• Assignment
From the line holding "using that by" to the final line below, restate each line word for word and add nothing.

[Dataset entries]
....

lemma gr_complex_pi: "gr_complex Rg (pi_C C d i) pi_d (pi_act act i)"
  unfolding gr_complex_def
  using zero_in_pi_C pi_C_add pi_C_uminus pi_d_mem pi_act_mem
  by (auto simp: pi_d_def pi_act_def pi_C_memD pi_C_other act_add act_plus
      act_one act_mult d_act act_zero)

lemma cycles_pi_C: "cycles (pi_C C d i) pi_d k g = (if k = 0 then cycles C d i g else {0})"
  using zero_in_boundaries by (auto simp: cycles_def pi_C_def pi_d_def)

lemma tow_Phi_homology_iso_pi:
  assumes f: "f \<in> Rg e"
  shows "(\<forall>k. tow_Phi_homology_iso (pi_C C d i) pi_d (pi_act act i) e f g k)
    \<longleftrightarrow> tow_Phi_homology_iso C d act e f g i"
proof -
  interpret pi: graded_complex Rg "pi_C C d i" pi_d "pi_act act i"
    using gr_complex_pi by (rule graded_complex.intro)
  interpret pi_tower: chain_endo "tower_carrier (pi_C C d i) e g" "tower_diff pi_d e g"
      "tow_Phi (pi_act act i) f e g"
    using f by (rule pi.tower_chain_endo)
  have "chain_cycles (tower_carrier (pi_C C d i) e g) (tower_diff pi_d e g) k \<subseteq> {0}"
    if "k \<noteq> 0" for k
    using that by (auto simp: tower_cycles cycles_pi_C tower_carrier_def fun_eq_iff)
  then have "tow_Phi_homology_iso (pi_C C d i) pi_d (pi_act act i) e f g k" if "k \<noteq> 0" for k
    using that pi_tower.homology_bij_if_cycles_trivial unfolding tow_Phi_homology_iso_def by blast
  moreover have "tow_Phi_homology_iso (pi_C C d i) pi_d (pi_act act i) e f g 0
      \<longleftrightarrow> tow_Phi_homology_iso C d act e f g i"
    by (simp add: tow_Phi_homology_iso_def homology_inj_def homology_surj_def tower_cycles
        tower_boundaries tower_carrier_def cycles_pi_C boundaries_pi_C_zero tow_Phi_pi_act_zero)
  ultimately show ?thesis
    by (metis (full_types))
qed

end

....

• Solution to the problem
    using that by (auto simp: tower_cycles cycles_pi_C tower_carrier_def fun_eq_iff)
  then have "tow_Phi_homology_iso (pi_C C d i) pi_d (pi_act act i) e f g k" if "k \<noteq> 0" for k
    using that pi_tower.homology_bij_if_cycles_trivial unfolding tow_Phi_homology_iso_def by blast
  moreover have "tow_Phi_homology_iso (pi_C C d i) pi_d (pi_act act i) e f g 0
      \<longleftrightarrow> tow_Phi_homology_iso C d act e f g i"
    by (simp add: tow_Phi_homology_iso_def homology_inj_def homology_surj_def tower_cycles
        tower_boundaries tower_carrier_def cycles_pi_C boundaries_pi_C_zero tow_Phi_pi_act_zero)
  ultimately show ?thesis
    by (metis (full_types))
qed

end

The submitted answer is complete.